Of the 37 homilies, eight (1, 3, 8, 11, 13, 20, 26, 30) are introduced with the formula "Patach R." or "The teacher has commenced"; eight (2, 4–7, 9, 10, 19), with "Hada hu dich'tiv" or "As it is written"; and 21 (12, 14–18, 21–25, 27–29, 31–37), with "Zeh she-amar ha-katuv" or "This is what the Holy Scriptures say."

Weiss explains that the redactor selected only these 37 texts for his exposition as indicating the prior existence of the Sifra, the legal interpretation of Leviticus: "The redactor of the Vayikra Rabbah had nothing to add to the [Sifra]; he collected therefore only those haggadic explanations which he found on various texts and passages." This surmise by Weiss is, however, contradicted by the fact that nearly all the chapters of Leviticus Rabbah (with the exception of chapters 11, 24, 32, 35, and 36) refer to legal passages. Thus, the redactor of Leviticus Rabbah collected homiletic expositions also of such texts as were treated in the Sifra. The conjecture of Theodor that in the older cycle of weekly lessons the passages on which the homilies of Leviticus Rabbah were based consisted in certain paragraphs, or in lessons for certain festivals, seems therefore to be correct.

The length of Leviticus Rabbah is the same as that of the edition quoted by Nathan ben Jehiel in the Arukh, since he refers to passages from chapters 36 and 37 as "the end." Aside from some transpositions, eliminations, and glosses, the printed text of Leviticus Rabbah is noteworthy as containing, at the end of the first three chapters, annotations from Tanna debe Eliyahu which were not contained in the older manuscripts.

==Comparison to the Pesikta ==
In its plan, as well as in the form of the several chapters, Leviticus Rabbah bears great resemblance to the Pesikta de-Rav Kahana. Like the lectures in the Pesikta, the homilies in Leviticus Rabbah begin with a larger or smaller number of poems on passages mostly taken from the Writings. Then follows the exposition proper of the passage to which the homily refers. The explanation often covers only a few verses, or even a few words of the first verse, of the passage on which the parashah is based. In some cases, long pieces, in others brief sentences only, have been adduced in connection with the Scriptural passages, seemingly in accordance with the material at the redactor's disposal.

Inasmuch, however, as the homilies in Leviticus Rabbah deal largely with topics beyond the subject matter of the Biblical text itself, the explanations of the individual verses are often replaced by series of homiletic quotations that refer to the theme considered in the homily.
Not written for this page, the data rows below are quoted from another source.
lemma Xc_closed_form:
  assumes "c \<noteq> 0" and "RD \<noteq> 0"
  shows "Xc M c fc d RD = pi^2 * d^4 * fc^2 * (real M)^2 * ((real M)^2 - 1)
     * (16 * (real M)^2 - 30 * real M + 11) / (90 * c^2 * RD^4)"
proof -
  define k where "k = d^2 * fc / (2 * RD^2)"
  have "(\<Sum>m\<in>{1..M}. \<Sum>n\<in>{1..M}. (xi d fc RD m - xi d fc RD n)^2)
      = k^2 * (\<Sum>m\<in>{1..M}. \<Sum>n\<in>{1..M}. ((real m - 1)^2 - (real n - 1)^2)^2)"
    unfolding sum_distrib_left xi_def k_def[symmetric] by (simp add: power2_eq_square algebra_simps)
  also have "\<dots> = k^2 * (2 * real M * (\<Sum>m\<in>{1..M}. (real m - 1)^4)
                         - 2 * (\<Sum>m\<in>{1..M}. (real m - 1)^2)^2)"
    unfolding sum_sum_sq_diff by (simp flip: power_mult)
  also have "\<dots> = k^2 * ((real M)^2 * ((real M)^2 - 1) * (16 * (real M)^2 - 30 * real M + 11) / 90)"
    unfolding sum_shifted_power4 sum_shifted_power2 by (simp add: power2_eq_square field_simps)
  finally have double_sum: "(\<Sum>m\<in>{1..M}. \<Sum>n\<in>{1..M}. (xi d fc RD m - xi d fc RD n)^2)
      = k^2 * ((real M)^2 * ((real M)^2 - 1) * (16 * (real M)^2 - 30 * real M + 11) / 90)" .
  show ?thesis
    unfolding Xc_def double_sum k_def using assms by (simp add: field_simps power2_eq_square power4_eq_xxxx)
qed

lemma Yc_closed_form:
  assumes "c \<noteq> 0" and "RD \<noteq> 0"
  shows "Yc M c fc d RD thD
       = - (pi^2 * d^3 * fc^2 * cos thD * (real M)^2 * (real M - 1)^2 * (real M + 1) / (3 * c^2 * RD^2))"
proof -
  define k where "k = d^2 * fc / (2 * RD^2)"
  have "(\<Sum>m\<in>{1..M}. \<Sum>n\<in>{1..M}. (xi d fc RD m - xi d fc RD n) * (real m - real n))
      = - k * (\<Sum>m\<in>{1..M}. \<Sum>n\<in>{1..M}.
                 ((real m - 1)^2 - (real n - 1)^2) * ((real m - 1) - (real n - 1)))"
    unfolding sum_distrib_left xi_def k_def[symmetric] by (simp add: algebra_simps)
  also have "\<dots> = - k * (2 * real M * (\<Sum>m\<in>{1..M}. (real m - 1)^3)
                         - 2 * (\<Sum>m\<in>{1..M}. (real m - 1)^2) * (\<Sum>m\<in>{1..M}. real m - 1))"
    unfolding sum_sum_diff_mult_diff by (simp add: power2_eq_square power3_eq_cube)
  also have "\<dots> = - k * ((real M)^2 * (real M - 1)^2 * (real M + 1) / 6)"
    unfolding sum_shifted_power3 sum_shifted_power2 sum_shifted_power1
    by (simp add: power2_eq_square field_simps)
  finally have double_sum:
    "(\<Sum>m\<in>{1..M}. \<Sum>n\<in>{1..M}. (xi d fc RD m - xi d fc RD n) * (real m - real n))
      = - k * ((real M)^2 * (real M - 1)^2 * (real M + 1) / 6)" .
  show ?thesis
    unfolding Yc_def double_sum k_def using assms by (simp add: field_simps power2_eq_square power3_eq_cube)
qed
lemma convex_family_bounded_on_cball:
  fixes F :: "'i::topological_space \<Rightarrow> 'a::euclidean_space \<Rightarrow> real"
  assumes cpt: "compact (UNIV :: 'i set)" and cont: "\<And>x. continuous_on UNIV (\<lambda>i. F i x)"
    and cvx: "\<And>i. convex_on UNIV (F i)"
  shows "\<exists>B. \<forall>j. \<forall>y\<in>cball x0 r. \<bar>F j y\<bar> \<le> B"
proof -
  have "compact (fmax F ` cball x0 r)"
    using continuous_on_fmax[OF cpt cont cvx]
    by (intro compact_continuous_image compact_cball) (auto intro: continuous_on_subset)
  then have "bdd_above (fmax F ` cball x0 r)"
    by (intro bounded_imp_bdd_above compact_imp_bounded)
  then obtain M where "\<And>y. y \<in> cball x0 r \<Longrightarrow> fmax F y \<le> M"
    unfolding bdd_above_def by blast
  then have M: "F j y \<le> M" if "y \<in> cball x0 r" for j y
    using fmax_upper[of F y, OF cpt cont, of j] that by fastforce
  have "bdd_below (range (\<lambda>j. F j x0))"
    by (intro bounded_imp_bdd_below compact_imp_bounded compact_continuous_image cont cpt)
  then obtain m where m: "\<And>j. m \<le> F j x0"
    unfolding bdd_below_def by blast
  have lower: "2 * m - M \<le> F j y" if y: "y \<in> cball x0 r" for j y
  proof -
    have "(1 / 2) *\<^sub>R y + (1 / 2) *\<^sub>R (2 *\<^sub>R x0 - y) = x0"
      by (simp add: algebra_simps)
    then have "F j x0 \<le> (1 / 2) * F j y + (1 / 2) * F j (2 *\<^sub>R x0 - y)"
      using convex_onD[OF cvx, of "1 / 2" y "2 *\<^sub>R x0 - y" j] by simp
    moreover have "dist x0 (2 *\<^sub>R x0 - y) = dist x0 y"
      by (simp add: dist_norm scaleR_2 norm_minus_commute)
    then have "F j (2 *\<^sub>R x0 - y) \<le> M"
      using y by (intro M) simp
    ultimately show ?thesis
      using m[of j] by linarith
  qed
  then have "\<bar>F j y\<bar> \<le> \<bar>M\<bar> + \<bar>2 * m - M\<bar>" if "y \<in> cball x0 r" for j y
    using M[OF that, of j] lower[OF that, of j] by arith
  then show ?thesis
    by blast
qed
definition insert_peak :: "nat \<Rightarrow> nat list \<Rightarrow> nat list \<Rightarrow> nat list" where
  "insert_peak n x y = map (shift_down n) x @ (n - 1) # map (shift_down n) y"

definition remove_peak :: "nat \<Rightarrow> nat list \<Rightarrow> nat list \<times> nat list" where
  "remove_peak n w = map_prod (map (shift_up n)) (map (shift_up n)) (split_letter (n - 1) w)"

lemma insert_peak_in_ballot_perms:
  assumes xy: "(x, y) \<in> peak_sides n d i j" and ij: "i \<in> {1..n - 2}" "j \<in> {1..n - 2}"
  shows "insert_peak n x y \<in> {w \<in> ballot_perms n d. has_factor3 w i n j}"
proof -
  let ?f = "shift_down n"
  have n: "3 \<le> n"
    using ij by auto
  have x: "x \<noteq> []" and dist: "distinct (x @ y)" and set_xy: "set (x @ y) = {2..n}"
    and ballot_xy: "ballot (x @ Suc n # y)" and des_xy: "int (descents (x @ Suc n # y)) = d"
    and fac: "sublist [i + 1, n, j + 1] x \<or> sublist [i + 1, n, j + 1] y"
    using xy unfolding peak_sides_def by auto
  have "bij_betw ?f {2..n} ({1..n} - {n - 1})"
    using bij_betw_shift_down n by simp
  then have "distinct (map ?f (x @ y)) \<and> set (map ?f (x @ y)) = {1..n} - {n - 1}"
    using dist unfolding bij_betw_def distinct_map list.set_map set_xy by blast
  then have perm: "is_perm n (insert_peak n x y)"
    using n by (simp add: insert_peak_def is_perm_split_iff)
  have "last x \<in> {2..n}" "y \<noteq> [] \<Longrightarrow> hd y \<in> {2..n}"
    unfolding set_xy[symmetric] using x by simp_all
  with sublist_sides_interior[OF dist fac] x have neighbours: "last x < Suc n" "y \<noteq> [] \<Longrightarrow> hd y < Suc n"
    "?f (last x) < n - 1" "y \<noteq> [] \<Longrightarrow> ?f (hd y) < n - 1"
    by (auto simp: shift_down_def)
  have "map ?f [i + 1, n, j + 1] = [i, n, j]"
    using ij by (auto simp: shift_down_def)
  then have "sublist [i, n, j] (map ?f x) \<or> sublist [i, n, j] (map ?f y)"
    using fac map_mono_sublist by metis
  moreover have "n - 1 \<notin> set [i, n, j]"
    using ij by auto
  ultimately have factor: "sublist [i, n, j] (insert_peak n x y)"
    using sublist_append_letter_iff[of "n - 1" "[i, n, j]" "map ?f x" "map ?f y"]
    by (simp add: insert_peak_def)
  show ?thesis
    using perm factor ballot_xy des_xy
      ballot_peak_map[OF strict_mono_on_shift_down equalityD1[OF set_xy] x neighbours]
      descents_peak_map[OF strict_mono_on_shift_down equalityD1[OF set_xy] x neighbours]
    by (simp add: insert_peak_def ballot_perms_def has_factor3_iff_sublist)
qed
lemma minimal_forbidden_s_star:
  assumes stars: "\<forall>G\<in>F. n0 \<le> card (verts G) \<longrightarrow> s_star s G"
    and M: "minimal_forbidden F M" and big: "n0 + 2 \<le> card (verts M)"
  shows "s_star (2 * s + 2) M"
proof -
  define V where "V = verts M"
  have two: "2 \<le> card V"
    using big by (simp add: V_def)
  then obtain u where u: "u \<in> V"
    by fastforce
  have "card (V - {u}) \<noteq> 0"
    using two u by (simp add: card_Diff_singleton_if)
  then obtain v where v: "v \<in> V - {u}"
    by (metis card.empty ex_in_conv)
  have core_delete: "\<exists>S. core (induced M (V - {w})) S \<and> card S \<le> s" if "w \<in> V" for w
    using minimal_forbidden_delete_s_star[OF stars M _ that[unfolded V_def]] big
    by (simp add: s_star_def V_def)
  obtain S where S: "core (induced M (V - {u})) S" "card S \<le> s"
    using core_delete u by blast
  obtain S' where S': "core (induced M (V - {v})) S'" "card S' \<le> s"
    using core_delete v by blast
  have "crown M ((V - {u} - S) \<inter> (V - {v} - S'))"
    using crown_Int_delete[of M u _ v] S(1) S'(1) v by (simp add: core_def V_def)
  moreover have "(V - {u} - S) \<inter> (V - {v} - S') = V - ({u, v} \<union> S \<union> S')"
    by auto
  moreover have "{u, v} \<union> S \<union> S' \<subseteq> V"
    using u v S(1) S'(1) by (auto simp: core_def)
  ultimately have "core M ({u, v} \<union> S \<union> S')"
    by (simp add: core_def V_def)
  moreover have "card ({u, v} \<union> S \<union> S') \<le> 2 * s + 2"
  proof -
    have "card {u, v} = 2"
      using v by simp
    then show ?thesis
      using S(2) S'(2) card_Un_le[of "{u, v} \<union> S" S'] card_Un_le[of "{u, v}" S] by linarith
  qed
  ultimately show ?thesis
    unfolding s_star_def by blast
qed
lemma ceil_frac_right_child_shift:
  fixes r a :: nat and b c x :: int
  assumes "0 < a" "a < r" "int a * b = c * int r + 1" "0 \<le> x" "x \<le> int a"
  shows "ceil_frac (int r) b (int (r - a) + x) = ceil_frac (int a) c x + (b - c)"
proof -
  have r: "int r > 0" "int a > 0" using assms by auto
  have "ceil_frac (int r) b (int (r - a) + x) = ceil_frac (int r) b ((x - int a) + 1 * int r)"
    using assms by (simp add: of_nat_diff algebra_simps)
  also have "\<dots> = ceil_frac (int a) c (x - int a) + b"
    using ceil_frac_add_mult[OF r(1), of b "x - int a" 1] ceil_frac_right_child[OF assms(1-3), of "x - int a"] assms
    by simp
  also have "ceil_frac (int a) c (x - int a) = ceil_frac (int a) c (x + (- 1) * int a)" by simp
  also have "\<dots> = ceil_frac (int a) c x - c" using ceil_frac_add_mult[OF r(2), of c x "- 1"] by simp
  finally show ?thesis by simp
qed

lemma ceil_jump_left_child:
  fixes r a :: nat and b c t :: int
  assumes "a < r" "int a * b = c * int r + 1" "0 \<le> t" "t + 1 < int r"
  shows "ceil_jump (int r) b t = ceil_jump (int (r - a)) (b - c) t"
  unfolding ceil_jump_def using assms ceil_frac_left_child[OF assms(1,2)] by simp

lemma ceil_jump_right_child:
  fixes r a :: nat and b c t :: int
  assumes "0 < a" "a < r" "int a * b = c * int r + 1" "- int a \<le> t" "t + 1 < int a"
  shows "ceil_jump (int a) c t = ceil_jump (int r) b t"
  unfolding ceil_jump_def using assms ceil_frac_right_child[OF assms(1-3)] by simp

lemma ceil_jump_right_child_shift:
  fixes r a :: nat and b c t :: int
  assumes "0 < a" "a < r" "int a * b = c * int r + 1" "0 \<le> t" "t + 1 \<le> int a"
  shows "ceil_jump (int r) b (int (r - a) + t) = ceil_jump (int a) c t"
  unfolding ceil_jump_def using assms ceil_frac_right_child_shift[OF assms(1-3), of t]
    ceil_frac_right_child_shift[OF assms(1-3), of "t + 1"] by (simp add: algebra_simps)

lemma ceil_jump_tau_base:
  assumes r: "1 < r" and a: "a = 1 \<or> a = r - 1"
    and b: "0 < b" "b < int r" "(int a * b) mod int r = 1"
  shows "ceil_jump (int r) b (int i - 1) = ceil_jump (int r) b (int (tau r a i))"
proof -
  have r0: "int r > 0" using r by simp
  have tau: "ceil_jump (int r) b (int (tau r a i)) = ceil_jump (int r) b (int a * int i - 1)"
    using a r ceil_jump_mod[OF r0] by (simp add: tau_base)
  show ?thesis
  proof (cases "a = 1")
    case True
    then show ?thesis using tau by simp
  next
    case False
    with a r have a': "int a = int r - 1" by auto
    have "(int a * b) mod int r = 1 mod int r" using b r by simp
    then have "int r dvd int a * b - 1" by (simp add: mod_eq_dvd_iff)
    moreover have "(b + 1) - int r = int r * (b - 1) - (int a * b - 1)"
      unfolding a' by (simp add: algebra_simps)
    ultimately have "int r dvd (b + 1) - int r" by (metis dvd_diff dvd_triv_left)
    with b have b': "b = int r - 1" using zdvd_abs_less_eq_0 by fastforce
    have "int a * int i - 1 = (- int i - 1) + int i * int r" unfolding a' by (simp add: algebra_simps)
    then have "ceil_jump (int r) b (int a * int i - 1) = ceil_jump (int r) b (- int i - 1)"
      using ceil_jump_add_mult[OF r0] by metis
    with tau r show ?thesis unfolding b' by (simp add: ceil_jump_pred_self)
  qed
qed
In this, Leviticus Rabbah differs from the Pesikta, for in the Pesikta the individual explanations are seldom lacking. And while the Pesikta rarely quotes lengthy homiletic excerpts after the proems, Leviticus Rabbah quotes such materials after the conclusion of a proem, in the course of each chapter, and even toward the end of a chapter. These excerpts often have minimal relation to the context. But otherwise, Leviticus Rabbah carefully follows the form of the Pesikta. The end of each chapter in Leviticus Rabbah, like the Pesikta, consists of a passage containing a Messianic prophecy.